---------- Data in this exercise ----------

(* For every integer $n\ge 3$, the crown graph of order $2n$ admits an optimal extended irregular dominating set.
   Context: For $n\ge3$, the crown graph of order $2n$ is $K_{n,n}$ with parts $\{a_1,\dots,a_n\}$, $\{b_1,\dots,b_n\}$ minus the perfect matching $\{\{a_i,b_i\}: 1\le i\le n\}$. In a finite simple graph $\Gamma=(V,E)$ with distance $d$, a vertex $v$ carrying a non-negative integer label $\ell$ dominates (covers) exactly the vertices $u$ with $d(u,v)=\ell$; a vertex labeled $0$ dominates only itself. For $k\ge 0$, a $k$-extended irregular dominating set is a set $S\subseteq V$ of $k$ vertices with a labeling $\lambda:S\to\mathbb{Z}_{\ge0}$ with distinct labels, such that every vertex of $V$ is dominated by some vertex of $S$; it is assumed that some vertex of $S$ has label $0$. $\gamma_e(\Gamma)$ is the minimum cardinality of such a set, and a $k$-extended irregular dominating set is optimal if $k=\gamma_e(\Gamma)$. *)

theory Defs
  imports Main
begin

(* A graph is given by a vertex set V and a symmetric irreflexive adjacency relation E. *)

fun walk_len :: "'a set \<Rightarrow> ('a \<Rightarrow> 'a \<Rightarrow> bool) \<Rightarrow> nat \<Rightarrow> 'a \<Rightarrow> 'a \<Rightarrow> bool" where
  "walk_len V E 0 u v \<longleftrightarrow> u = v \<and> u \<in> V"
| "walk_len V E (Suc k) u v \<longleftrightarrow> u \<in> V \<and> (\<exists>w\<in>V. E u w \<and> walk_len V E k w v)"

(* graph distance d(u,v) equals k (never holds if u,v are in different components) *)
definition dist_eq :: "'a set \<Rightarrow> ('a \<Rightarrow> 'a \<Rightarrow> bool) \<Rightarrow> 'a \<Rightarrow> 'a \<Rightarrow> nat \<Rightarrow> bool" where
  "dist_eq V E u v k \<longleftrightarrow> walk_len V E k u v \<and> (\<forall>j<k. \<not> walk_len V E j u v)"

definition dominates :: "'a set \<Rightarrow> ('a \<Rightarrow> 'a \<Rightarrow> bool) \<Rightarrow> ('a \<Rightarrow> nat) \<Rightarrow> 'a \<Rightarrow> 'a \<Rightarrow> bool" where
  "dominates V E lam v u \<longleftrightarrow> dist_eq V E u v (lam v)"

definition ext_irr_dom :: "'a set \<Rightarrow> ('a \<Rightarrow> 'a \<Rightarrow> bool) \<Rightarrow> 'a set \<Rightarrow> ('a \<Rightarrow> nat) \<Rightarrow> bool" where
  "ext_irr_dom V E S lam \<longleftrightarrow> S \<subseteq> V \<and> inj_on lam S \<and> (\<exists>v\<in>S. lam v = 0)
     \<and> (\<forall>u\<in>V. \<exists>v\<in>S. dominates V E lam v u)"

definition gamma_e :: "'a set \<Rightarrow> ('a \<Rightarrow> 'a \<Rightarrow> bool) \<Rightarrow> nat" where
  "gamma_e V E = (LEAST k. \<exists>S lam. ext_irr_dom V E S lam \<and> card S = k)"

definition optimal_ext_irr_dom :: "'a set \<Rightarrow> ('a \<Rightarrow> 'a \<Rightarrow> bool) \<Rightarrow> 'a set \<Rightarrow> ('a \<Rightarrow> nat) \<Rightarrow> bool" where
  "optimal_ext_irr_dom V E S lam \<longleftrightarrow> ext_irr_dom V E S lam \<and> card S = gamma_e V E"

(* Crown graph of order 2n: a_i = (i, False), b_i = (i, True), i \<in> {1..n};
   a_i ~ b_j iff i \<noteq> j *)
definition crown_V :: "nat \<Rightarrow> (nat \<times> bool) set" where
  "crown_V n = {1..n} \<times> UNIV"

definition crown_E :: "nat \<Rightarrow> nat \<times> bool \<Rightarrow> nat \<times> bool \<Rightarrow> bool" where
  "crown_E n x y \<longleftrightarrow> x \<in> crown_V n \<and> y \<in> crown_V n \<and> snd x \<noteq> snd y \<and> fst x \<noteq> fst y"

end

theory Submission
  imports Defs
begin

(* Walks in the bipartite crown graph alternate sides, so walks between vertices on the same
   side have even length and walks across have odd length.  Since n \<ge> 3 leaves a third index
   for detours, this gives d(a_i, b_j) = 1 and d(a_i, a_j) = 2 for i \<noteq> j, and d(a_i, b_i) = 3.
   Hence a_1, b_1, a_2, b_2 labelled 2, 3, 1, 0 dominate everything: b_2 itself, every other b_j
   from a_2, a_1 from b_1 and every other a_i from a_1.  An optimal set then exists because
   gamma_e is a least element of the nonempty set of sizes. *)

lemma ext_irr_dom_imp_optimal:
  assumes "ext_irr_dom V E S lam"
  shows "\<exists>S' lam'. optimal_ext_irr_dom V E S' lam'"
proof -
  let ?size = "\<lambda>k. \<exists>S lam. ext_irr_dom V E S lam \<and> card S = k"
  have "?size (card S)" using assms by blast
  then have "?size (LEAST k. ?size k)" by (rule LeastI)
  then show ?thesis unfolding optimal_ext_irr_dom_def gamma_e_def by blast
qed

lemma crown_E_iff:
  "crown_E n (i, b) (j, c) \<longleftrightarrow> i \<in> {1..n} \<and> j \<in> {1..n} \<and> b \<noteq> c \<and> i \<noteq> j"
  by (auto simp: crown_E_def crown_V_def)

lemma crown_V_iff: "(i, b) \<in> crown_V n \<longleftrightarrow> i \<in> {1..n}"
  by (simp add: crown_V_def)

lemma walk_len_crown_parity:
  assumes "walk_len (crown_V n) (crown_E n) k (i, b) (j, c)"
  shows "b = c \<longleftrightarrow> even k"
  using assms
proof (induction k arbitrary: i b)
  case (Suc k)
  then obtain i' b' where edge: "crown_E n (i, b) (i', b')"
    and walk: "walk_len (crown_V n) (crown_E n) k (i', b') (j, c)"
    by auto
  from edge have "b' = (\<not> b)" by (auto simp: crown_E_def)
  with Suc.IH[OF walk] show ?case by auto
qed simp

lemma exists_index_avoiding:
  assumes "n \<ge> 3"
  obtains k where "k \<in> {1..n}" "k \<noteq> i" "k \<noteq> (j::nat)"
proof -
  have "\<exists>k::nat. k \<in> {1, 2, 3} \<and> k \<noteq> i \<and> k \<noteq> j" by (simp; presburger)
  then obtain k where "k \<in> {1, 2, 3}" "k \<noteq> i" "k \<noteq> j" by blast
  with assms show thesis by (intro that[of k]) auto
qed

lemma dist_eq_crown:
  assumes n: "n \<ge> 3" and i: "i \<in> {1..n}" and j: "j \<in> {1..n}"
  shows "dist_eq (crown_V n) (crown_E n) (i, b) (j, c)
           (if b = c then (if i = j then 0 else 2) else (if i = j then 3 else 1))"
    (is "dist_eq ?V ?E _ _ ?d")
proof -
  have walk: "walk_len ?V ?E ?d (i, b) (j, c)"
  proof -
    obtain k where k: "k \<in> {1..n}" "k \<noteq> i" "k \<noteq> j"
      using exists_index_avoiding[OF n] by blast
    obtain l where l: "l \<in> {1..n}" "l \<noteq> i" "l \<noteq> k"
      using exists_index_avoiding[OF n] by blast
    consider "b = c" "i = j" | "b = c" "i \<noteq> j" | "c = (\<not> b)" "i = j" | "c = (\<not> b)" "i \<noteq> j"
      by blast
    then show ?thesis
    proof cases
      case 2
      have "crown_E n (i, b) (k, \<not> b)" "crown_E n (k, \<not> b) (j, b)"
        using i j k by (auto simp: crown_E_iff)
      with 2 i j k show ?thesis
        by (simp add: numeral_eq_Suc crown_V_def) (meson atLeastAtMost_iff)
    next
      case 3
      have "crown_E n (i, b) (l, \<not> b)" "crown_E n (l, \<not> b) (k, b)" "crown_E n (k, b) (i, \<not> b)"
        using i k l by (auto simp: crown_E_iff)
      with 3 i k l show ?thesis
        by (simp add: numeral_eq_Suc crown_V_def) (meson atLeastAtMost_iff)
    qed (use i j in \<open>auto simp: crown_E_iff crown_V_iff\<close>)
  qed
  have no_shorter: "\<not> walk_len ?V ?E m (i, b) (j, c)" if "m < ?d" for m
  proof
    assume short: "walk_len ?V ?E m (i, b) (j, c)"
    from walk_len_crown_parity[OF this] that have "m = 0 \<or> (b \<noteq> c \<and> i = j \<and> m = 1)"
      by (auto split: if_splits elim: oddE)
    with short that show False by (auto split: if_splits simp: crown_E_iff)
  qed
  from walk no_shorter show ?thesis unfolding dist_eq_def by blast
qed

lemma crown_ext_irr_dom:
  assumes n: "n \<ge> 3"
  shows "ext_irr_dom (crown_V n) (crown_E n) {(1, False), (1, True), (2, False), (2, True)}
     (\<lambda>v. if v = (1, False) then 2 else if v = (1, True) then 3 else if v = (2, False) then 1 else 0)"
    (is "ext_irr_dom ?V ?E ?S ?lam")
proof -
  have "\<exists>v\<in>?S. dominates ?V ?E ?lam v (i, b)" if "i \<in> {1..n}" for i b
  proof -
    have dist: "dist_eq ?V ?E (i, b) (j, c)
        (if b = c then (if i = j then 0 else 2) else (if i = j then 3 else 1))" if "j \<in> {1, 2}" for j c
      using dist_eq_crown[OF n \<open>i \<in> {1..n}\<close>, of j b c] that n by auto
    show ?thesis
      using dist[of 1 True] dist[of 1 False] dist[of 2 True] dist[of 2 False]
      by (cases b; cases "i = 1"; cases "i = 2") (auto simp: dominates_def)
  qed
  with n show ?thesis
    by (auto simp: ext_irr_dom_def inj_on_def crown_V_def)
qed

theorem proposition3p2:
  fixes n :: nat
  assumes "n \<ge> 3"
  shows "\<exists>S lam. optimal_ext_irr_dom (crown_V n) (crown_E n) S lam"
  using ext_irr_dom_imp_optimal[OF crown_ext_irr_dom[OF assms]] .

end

----------
---------- Data in this exercise ----------

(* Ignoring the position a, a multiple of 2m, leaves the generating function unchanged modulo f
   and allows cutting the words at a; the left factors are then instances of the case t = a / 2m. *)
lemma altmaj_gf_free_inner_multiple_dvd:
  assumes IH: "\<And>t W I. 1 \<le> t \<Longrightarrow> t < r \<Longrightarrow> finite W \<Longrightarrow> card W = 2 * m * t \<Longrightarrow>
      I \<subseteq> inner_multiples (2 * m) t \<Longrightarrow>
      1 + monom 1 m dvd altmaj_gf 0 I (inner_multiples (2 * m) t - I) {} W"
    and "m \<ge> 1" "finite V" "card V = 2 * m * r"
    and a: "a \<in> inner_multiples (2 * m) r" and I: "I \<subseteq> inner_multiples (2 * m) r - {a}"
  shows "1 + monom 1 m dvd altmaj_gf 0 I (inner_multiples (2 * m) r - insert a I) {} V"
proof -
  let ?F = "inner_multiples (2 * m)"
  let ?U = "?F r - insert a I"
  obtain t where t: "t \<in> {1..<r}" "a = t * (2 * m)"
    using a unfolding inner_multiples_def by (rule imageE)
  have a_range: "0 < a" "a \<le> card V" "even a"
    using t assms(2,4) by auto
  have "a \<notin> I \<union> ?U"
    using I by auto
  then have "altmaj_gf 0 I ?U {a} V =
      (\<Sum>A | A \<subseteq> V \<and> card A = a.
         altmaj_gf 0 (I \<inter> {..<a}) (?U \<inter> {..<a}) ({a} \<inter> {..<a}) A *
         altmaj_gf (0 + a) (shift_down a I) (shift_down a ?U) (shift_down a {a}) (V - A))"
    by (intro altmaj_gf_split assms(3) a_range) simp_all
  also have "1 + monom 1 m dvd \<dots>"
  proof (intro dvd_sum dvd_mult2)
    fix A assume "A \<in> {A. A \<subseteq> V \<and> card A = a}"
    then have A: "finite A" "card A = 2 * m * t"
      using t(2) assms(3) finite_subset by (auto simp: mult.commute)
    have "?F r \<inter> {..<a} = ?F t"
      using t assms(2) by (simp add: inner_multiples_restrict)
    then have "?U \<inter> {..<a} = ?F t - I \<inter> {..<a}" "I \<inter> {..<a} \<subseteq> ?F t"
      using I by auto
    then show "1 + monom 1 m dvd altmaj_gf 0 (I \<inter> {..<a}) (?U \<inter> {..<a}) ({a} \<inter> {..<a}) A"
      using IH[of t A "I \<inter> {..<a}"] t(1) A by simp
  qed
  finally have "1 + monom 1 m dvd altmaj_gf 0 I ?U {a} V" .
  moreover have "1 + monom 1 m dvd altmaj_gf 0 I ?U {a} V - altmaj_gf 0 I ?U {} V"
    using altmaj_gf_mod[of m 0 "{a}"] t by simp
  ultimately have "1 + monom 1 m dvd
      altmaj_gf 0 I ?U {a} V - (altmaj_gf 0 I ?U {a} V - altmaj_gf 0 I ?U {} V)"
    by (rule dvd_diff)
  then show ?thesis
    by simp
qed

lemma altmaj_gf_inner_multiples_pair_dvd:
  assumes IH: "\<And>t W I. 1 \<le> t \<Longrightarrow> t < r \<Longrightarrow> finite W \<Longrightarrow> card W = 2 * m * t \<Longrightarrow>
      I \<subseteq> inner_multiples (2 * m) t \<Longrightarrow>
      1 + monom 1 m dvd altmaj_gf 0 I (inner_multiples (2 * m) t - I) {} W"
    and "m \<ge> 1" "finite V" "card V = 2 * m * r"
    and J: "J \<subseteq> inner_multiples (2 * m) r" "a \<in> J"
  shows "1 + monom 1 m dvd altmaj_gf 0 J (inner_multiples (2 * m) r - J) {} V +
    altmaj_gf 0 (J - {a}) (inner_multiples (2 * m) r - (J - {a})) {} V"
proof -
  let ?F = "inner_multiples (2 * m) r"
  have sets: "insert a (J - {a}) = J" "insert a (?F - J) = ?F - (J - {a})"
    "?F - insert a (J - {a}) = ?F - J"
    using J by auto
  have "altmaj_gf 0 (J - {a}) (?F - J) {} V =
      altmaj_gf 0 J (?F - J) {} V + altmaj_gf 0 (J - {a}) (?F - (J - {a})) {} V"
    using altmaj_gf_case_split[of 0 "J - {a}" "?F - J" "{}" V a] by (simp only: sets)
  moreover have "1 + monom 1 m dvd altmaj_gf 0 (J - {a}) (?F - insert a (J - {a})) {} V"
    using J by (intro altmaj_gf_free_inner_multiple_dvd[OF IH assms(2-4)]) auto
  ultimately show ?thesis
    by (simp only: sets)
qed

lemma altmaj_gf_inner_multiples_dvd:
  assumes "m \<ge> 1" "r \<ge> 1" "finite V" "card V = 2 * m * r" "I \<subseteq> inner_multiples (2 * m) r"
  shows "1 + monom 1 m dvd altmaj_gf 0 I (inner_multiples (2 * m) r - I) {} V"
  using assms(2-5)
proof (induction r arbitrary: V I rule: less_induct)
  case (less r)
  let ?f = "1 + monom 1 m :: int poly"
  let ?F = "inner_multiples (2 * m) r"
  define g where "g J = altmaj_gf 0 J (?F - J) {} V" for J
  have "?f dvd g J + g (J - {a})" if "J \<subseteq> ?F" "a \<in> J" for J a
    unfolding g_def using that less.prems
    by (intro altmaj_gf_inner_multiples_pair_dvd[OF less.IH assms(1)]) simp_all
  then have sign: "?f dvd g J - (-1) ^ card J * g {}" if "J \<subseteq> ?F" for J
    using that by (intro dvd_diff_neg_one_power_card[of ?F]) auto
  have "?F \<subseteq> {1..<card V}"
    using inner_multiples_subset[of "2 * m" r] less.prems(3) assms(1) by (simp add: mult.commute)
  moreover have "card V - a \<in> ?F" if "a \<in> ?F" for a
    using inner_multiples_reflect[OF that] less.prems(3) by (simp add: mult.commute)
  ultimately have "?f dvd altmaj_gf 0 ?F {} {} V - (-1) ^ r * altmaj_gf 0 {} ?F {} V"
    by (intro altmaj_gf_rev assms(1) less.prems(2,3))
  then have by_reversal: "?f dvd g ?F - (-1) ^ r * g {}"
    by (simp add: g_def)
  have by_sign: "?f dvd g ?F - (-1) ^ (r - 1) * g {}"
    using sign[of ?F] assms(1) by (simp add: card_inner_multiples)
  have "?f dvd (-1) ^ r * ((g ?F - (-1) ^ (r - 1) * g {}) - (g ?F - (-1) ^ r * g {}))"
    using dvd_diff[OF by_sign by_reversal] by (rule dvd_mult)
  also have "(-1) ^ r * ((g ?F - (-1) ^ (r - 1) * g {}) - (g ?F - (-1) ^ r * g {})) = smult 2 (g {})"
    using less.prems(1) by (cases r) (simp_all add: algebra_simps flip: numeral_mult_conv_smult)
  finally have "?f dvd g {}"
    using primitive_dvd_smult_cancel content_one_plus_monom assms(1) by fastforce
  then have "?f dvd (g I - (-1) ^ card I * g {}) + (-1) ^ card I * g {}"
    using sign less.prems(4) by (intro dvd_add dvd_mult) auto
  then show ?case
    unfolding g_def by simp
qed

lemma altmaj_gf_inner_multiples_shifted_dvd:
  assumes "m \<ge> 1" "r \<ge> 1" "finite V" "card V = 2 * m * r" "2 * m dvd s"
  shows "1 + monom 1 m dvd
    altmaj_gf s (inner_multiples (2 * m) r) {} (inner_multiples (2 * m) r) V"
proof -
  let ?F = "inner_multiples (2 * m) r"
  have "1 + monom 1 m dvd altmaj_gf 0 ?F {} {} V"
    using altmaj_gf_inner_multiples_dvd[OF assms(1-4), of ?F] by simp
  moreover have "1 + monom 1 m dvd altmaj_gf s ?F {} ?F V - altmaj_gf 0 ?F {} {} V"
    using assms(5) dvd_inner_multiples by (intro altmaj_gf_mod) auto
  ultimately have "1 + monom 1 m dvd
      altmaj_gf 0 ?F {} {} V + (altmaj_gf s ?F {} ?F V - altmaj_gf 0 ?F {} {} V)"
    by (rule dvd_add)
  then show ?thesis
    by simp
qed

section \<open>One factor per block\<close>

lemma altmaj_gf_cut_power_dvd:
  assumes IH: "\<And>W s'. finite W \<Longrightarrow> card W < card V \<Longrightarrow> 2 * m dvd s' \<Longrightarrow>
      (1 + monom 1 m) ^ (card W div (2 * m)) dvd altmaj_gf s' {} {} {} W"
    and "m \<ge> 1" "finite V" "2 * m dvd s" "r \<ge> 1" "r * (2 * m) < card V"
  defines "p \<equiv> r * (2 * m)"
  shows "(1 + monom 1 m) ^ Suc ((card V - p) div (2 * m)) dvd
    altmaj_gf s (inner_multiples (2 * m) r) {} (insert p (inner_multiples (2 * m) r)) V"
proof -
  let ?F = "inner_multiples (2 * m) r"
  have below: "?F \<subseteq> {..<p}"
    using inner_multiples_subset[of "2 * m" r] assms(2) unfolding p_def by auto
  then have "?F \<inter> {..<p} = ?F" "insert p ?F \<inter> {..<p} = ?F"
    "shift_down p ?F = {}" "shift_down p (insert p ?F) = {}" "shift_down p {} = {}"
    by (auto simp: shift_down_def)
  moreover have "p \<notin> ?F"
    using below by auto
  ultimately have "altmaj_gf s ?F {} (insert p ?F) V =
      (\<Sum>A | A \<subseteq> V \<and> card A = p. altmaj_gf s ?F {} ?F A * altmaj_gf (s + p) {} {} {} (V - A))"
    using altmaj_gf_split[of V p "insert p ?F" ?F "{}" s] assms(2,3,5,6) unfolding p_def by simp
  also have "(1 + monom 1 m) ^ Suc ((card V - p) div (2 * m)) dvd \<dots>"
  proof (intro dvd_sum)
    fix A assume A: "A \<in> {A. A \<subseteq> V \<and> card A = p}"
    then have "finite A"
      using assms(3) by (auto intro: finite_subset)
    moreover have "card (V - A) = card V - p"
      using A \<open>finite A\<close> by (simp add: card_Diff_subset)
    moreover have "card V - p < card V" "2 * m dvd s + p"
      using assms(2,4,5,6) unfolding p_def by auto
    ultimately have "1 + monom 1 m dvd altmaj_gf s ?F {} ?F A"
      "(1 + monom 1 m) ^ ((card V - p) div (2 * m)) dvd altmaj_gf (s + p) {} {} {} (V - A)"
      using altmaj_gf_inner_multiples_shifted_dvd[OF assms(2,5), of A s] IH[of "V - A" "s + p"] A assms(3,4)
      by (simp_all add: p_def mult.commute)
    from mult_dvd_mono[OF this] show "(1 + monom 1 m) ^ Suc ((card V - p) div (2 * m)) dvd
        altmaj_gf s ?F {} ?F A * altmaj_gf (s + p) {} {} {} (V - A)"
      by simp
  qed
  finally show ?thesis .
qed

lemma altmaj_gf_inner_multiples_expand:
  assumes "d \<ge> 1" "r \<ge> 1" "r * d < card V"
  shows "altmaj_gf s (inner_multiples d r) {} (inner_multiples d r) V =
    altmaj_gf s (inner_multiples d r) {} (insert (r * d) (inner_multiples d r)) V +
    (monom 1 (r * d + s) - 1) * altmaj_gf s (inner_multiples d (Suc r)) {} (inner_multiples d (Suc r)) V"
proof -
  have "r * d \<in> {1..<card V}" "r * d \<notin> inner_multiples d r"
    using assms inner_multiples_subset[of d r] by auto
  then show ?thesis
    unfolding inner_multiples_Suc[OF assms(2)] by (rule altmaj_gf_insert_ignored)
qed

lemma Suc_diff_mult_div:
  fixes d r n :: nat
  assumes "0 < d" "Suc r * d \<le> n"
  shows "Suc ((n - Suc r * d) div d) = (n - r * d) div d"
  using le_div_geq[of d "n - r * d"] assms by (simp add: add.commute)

----------

_What the task asks_
Please reproduce, exactly as they appear above, the lines from the line containing "(inner_multiples d r) V" up to and including the line containing "using le_div_geq[of d".

_Answer to this problem_
  shows "altmaj_gf s (inner_multiples d r) {} (inner_multiples d r) V =
    altmaj_gf s (inner_multiples d r) {} (insert (r * d) (inner_multiples d r)) V +
    (monom 1 (r * d + s) - 1) * altmaj_gf s (inner_multiples d (Suc r)) {} (inner_multiples d (Suc r)) V"
proof -
  have "r * d \<in> {1..<card V}" "r * d \<notin> inner_multiples d r"
    using assms inner_multiples_subset[of d r] by auto
  then show ?thesis
    unfolding inner_multiples_Suc[OF assms(2)] by (rule altmaj_gf_insert_ignored)
qed

lemma Suc_diff_mult_div:
  fixes d r n :: nat
  assumes "0 < d" "Suc r * d \<le> n"
  shows "Suc ((n - Suc r * d) div d) = (n - r * d) div d"
  using le_div_geq[of d "n - r * d"] assms by (simp add: add.commute)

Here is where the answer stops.